TASK INSTRUCTIONS:
Retype the entries below exactly, but begin at the line containing "(ddg d a b c + ddg d b a c - ddg d c a b" and end at the last line.

Collected data entries:
________________________
lemma real_cond_exp_vimage_le_const:
  fixes f :: "'a \<Rightarrow> real" and t :: "'a \<Rightarrow> 'b"
  assumes "finite_measure M" and f: "integrable M f" and t: "t \<in> M \<rightarrow>\<^sub>M N"
    and le: "\<And>B. B \<in> sets N \<Longrightarrow> (\<integral>x. (f x - c) * indicator B (t x) \<partial>M) \<le> 0"
  shows "AE x in M. real_cond_exp M (vimage_algebra (space M) t N) f x \<le> c"
proof -
  define F where "F = vimage_algebra (space M) t N"
  have sets_F: "sets F = {t -` B \<inter> space M | B. B \<in> sets N}"
    unfolding F_def using measurable_space[OF t] by (intro sets_vimage_algebra2) auto
  have "subalgebra M F"
    unfolding subalgebra_def F_def using measurable_sets[OF t] sets_F[unfolded F_def] by auto
  with \<open>finite_measure M\<close> interpret finite_measure_subalgebra M F
    by (simp add: finite_measure_subalgebra_def finite_measure_subalgebra_axioms_def)
  have "AE x in M. real_cond_exp M F f x \<le> c"
  proof (rule real_cond_exp_le_const[OF f])
    fix A assume "A \<in> sets F"
    then obtain B where B: "B \<in> sets N" "A = t -` B \<inter> space M"
      using sets_F by auto
    have "(\<integral>x. (f x - c) * indicator A x \<partial>M) = (\<integral>x. (f x - c) * indicator B (t x) \<partial>M)"
      by (rule Bochner_Integration.integral_cong) (auto simp: B indicator_def)
    then show "(\<integral>x. (f x - c) * indicator A x \<partial>M) \<le> 0"
      using le[OF B(1)] by simp
  qed
  then show ?thesis
    unfolding F_def .
qed

lemma (in pair_sigma_finite) integral_nonpos_if_sections_nonpos:
  fixes f :: "'a \<times> 'b \<Rightarrow> real"
  assumes "integrable (M1 \<Otimes>\<^sub>M M2) f" and "\<And>x. x \<in> space M1 \<Longrightarrow> (\<integral>y. f (x, y) \<partial>M2) \<le> 0"
  shows "(\<integral>z. f z \<partial>(M1 \<Otimes>\<^sub>M M2)) \<le> 0"
proof -
  have "0 \<le> (\<integral>x. - (\<integral>y. f (x, y) \<partial>M2) \<partial>M1)"
    using assms(2) by (intro integral_nonneg_AE AE_I2) simp
  then show ?thesis
    using integral_fst'[OF assms(1)] by simp
qed

theorem mainTheorem4:
  fixes M :: "'w measure" and S :: "'x datum measure"
    and D :: "'w \<Rightarrow> nat \<Rightarrow> 'x datum" and n m k :: nat
  assumes "prob_space M"
    and "n \<ge> 1" and "m \<ge> 1" and "k \<le> n"
    and "{z. covered z} \<in> sets S"
    and "\<And>i. i < n + m \<Longrightarrow> (\<lambda>w. D w i) \<in> M \<rightarrow>\<^sub>M S"
    and "exchangeable M S (n + m) D"
  defines "\<Omega> \<equiv> M \<Otimes>\<^sub>M measure_pmf (ACS_law n m k)"
  shows "(AE \<omega> in \<Omega>.
            real_cond_exp \<Omega>
              (vimage_algebra (space \<Omega>) (\<lambda>(w, T, p). Tsum n m (D w) T p) (count_space UNIV))
              (\<lambda>(w, T, p). Mk n m (D w) T p) \<omega>
            \<le> real m / (real n - real k + 1))
       \<and> (\<integral>\<omega>. (\<lambda>(w, T, p). Mk n m (D w) T p) \<omega> \<partial>\<Omega>) \<le> real m / (real n - real k + 1)"
proof -
  define c where "c = real m / (real n - real k + 1)"
  define f where "f = (\<lambda>(w, T, p). Mk n m (D w) T p)"
  define t where "t = (\<lambda>(w, T, p). Tsum n m (D w) T p)"
  interpret pair_prob_space M "measure_pmf (ACS_law n m k)"
    by (intro pair_prob_space.intro pair_sigma_finite.intro prob_space_imp_sigma_finite
        assms(1) measure_pmf.prob_space_axioms)
  have [measurable]: "f \<in> borel_measurable \<Omega>" "t \<in> \<Omega> \<rightarrow>\<^sub>M count_space UNIV"
    unfolding \<Omega>_def f_def t_def
    using measurable_coverage_function[OF assms(5,6), where \<Phi>="\<lambda>d (T, p). Mk n m d T p"]
      measurable_coverage_function[OF assms(5,6), where \<Phi>="\<lambda>d (T, p). Tsum n m d T p"]
    by (simp_all add: Mk_Tsum_cong_covered split_beta)
  interpret \<Omega>: prob_space \<Omega>
    unfolding \<Omega>_def by (rule P.prob_space_axioms)
  have bounded: "\<bar>(f \<omega> - c) * indicator B (t \<omega>)\<bar> \<le> real (n + m) + \<bar>c\<bar>" for \<omega> B
  proof -
    have "\<bar>f \<omega>\<bar> \<le> real (n + m)"
      using abs_Mk_le by (simp add: f_def split_beta)
    then show ?thesis
      using abs_triangle_ineq4[of "f \<omega>" c] by (simp add: indicator_def)
  qed
  have integrable_excess: "integrable \<Omega> (\<lambda>\<omega>. (f \<omega> - c) * indicator B (t \<omega>))" for B
    using bounded by (intro \<Omega>.integrable_const_bound[where B="real (n + m) + \<bar>c\<bar>"] AE_I2) simp_all
  have excess_nonpos: "(\<integral>\<omega>. (f \<omega> - c) * indicator B (t \<omega>) \<partial>\<Omega>) \<le> 0" for B
    using integrable_excess unfolding \<Omega>_def
  proof (rule integral_nonpos_if_sections_nonpos)
    show "(\<integral>y. (f (w, y) - c) * indicator B (t (w, y)) \<partial>ACS_law n m k) \<le> 0" for w
      using expectation_ACS_law_Mk_excess_nonpos[OF assms(4,3), of "D w" B]
      by (simp add: f_def t_def c_def case_prod_beta')
  qed
  have "integrable \<Omega> f"
    using Bochner_Integration.integrable_add[OF integrable_excess[of UNIV] \<Omega>.integrable_const[of c]] by simp
  then have "AE \<omega> in \<Omega>. real_cond_exp \<Omega> (vimage_algebra (space \<Omega>) t (count_space UNIV)) f \<omega> \<le> c"
    using excess_nonpos by (intro real_cond_exp_vimage_le_const) (auto simp: \<Omega>.finite_measure_axioms)
  moreover have "(\<integral>\<omega>. f \<omega> \<partial>\<Omega>) \<le> c"
    using excess_nonpos[of UNIV] \<open>integrable \<Omega> f\<close> by (simp add: \<Omega>.prob_space)
  ultimately show ?thesis
    unfolding c_def f_def t_def by blast
qed

end
(* Let $(M,g)$ be a Bianchi spacetime solving Einstein's equations $\mathrm{Ric}-\frac12Sg+\Lambda g=T$ with $\rho\geq0$ and $\Lambda\geq0$. Then for all $v\in\mathbb R^3$ and all $t\in I$ with $\theta(t)\neq0$, $$(2\delta^i_m-3\Sigma^i{}_m)a^{mj}v_iv_j\geq-\frac32\frac{\bar S_+}{\theta^2}a^{ij}v_iv_j,$$ where $\bar S_+=\max\{\bar S,0\}$.
   Context: A Bianchi spacetime is $M=G\times I$, $I=(t_-,t_+)$, with $G$ a connected 3-dimensional Lie group, $g=-dt\otimes dt+a_{ij}(t)\xi^i\otimes\xi^j$, $\{\xi^i\}$ dual to a basis $\{e_i\}$ of left invariant vector fields, $a(t)$ positive definite with inverse entries $a^{ij}$. $\bar k_{ij}=\frac12\dot a_{ij}$, $\theta=a^{ij}\bar k_{ij}$, $\bar\sigma_{ij}=\bar k_{ij}-\frac13\theta a_{ij}$, $\Sigma_{ij}=\bar\sigma_{ij}/\theta$, $\Sigma^i{}_m=a^{ij}\Sigma_{jm}$. $\rho=T_{00}$ in the frame $\partial_t,e_i$. $\bar S$ is the scalar curvature of $G\times\{t\}$ with the induced metric. Summation over repeated indices. *)

theory Defs
  imports Complex_Main
begin

text \<open>Matrices are nat-indexed functions; only indices below n matter.\<close>

definition mat_inv :: "nat \<Rightarrow> (nat \<Rightarrow> nat \<Rightarrow> real) \<Rightarrow> nat \<Rightarrow> nat \<Rightarrow> real" where
  "mat_inv n A = (THE B. (\<forall>i<n. \<forall>k<n. (\<Sum>j<n. A i j * B j k) = (if i = k then 1 else 0))
                       \<and> (\<forall>i j. \<not> (i < n \<and> j < n) \<longrightarrow> B i j = 0))"

text \<open>Curvature of a metric expressed in a frame E_0..E_(n-1).
  g a b = g(E_a,E_b), gi = inverse matrix, dg c a b = E_c(g_ab),
  ddg d c a b = E_d(E_c(g_ab)), C e a b = structure functions (constants):
  [E_a,E_b] = sum_e C e a b E_e.
  Conventions: R(X,Y)Z = nabla_X nabla_Y Z - nabla_Y nabla_X Z - nabla_[X,Y] Z,
  Ric(Y,Z) = trace (X -> R(X,Y)Z), S = trace of Ric.\<close>

definition frame_Gamma :: "nat \<Rightarrow> (nat \<Rightarrow> nat \<Rightarrow> real) \<Rightarrow> (nat \<Rightarrow> nat \<Rightarrow> nat \<Rightarrow> real)
    \<Rightarrow> (nat \<Rightarrow> nat \<Rightarrow> nat \<Rightarrow> real) \<Rightarrow> nat \<Rightarrow> nat \<Rightarrow> nat \<Rightarrow> real" where
  \<comment> \<open>g(nabla_{E_a} E_b, E_c), by the Koszul formula\<close>
  "frame_Gamma n g dg C a b c =
     (dg a b c + dg b a c - dg c a b
      + (\<Sum>e<n. C e a b * g e c) - (\<Sum>e<n. C e a c * g e b) - (\<Sum>e<n. C e b c * g e a)) / 2"

definition frame_dGamma :: "nat \<Rightarrow> (nat \<Rightarrow> nat \<Rightarrow> nat \<Rightarrow> real)
    \<Rightarrow> (nat \<Rightarrow> nat \<Rightarrow> nat \<Rightarrow> nat \<Rightarrow> real) \<Rightarrow> (nat \<Rightarrow> nat \<Rightarrow> nat \<Rightarrow> real)
    \<Rightarrow> nat \<Rightarrow> nat \<Rightarrow> nat \<Rightarrow> nat \<Rightarrow> real" where
  \<comment> \<open>E_d applied to frame_Gamma a b c\<close>
  "frame_dGamma n dg ddg C d a b c =
     (ddg d a b c + ddg d b a c - ddg d c a b
      + (\<Sum>e<n. C e a b * dg d e c) - (\<Sum>e<n. C e a c * dg d e b) - (\<Sum>e<n. C e b c * dg d e a)) / 2"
________________________
ANSWER SECTION:
     (ddg d a b c + ddg d b a c - ddg d c a b
      + (\<Sum>e<n. C e a b * dg d e c) - (\<Sum>e<n. C e a c * dg d e b) - (\<Sum>e<n. C e b c * dg d e a)) / 2"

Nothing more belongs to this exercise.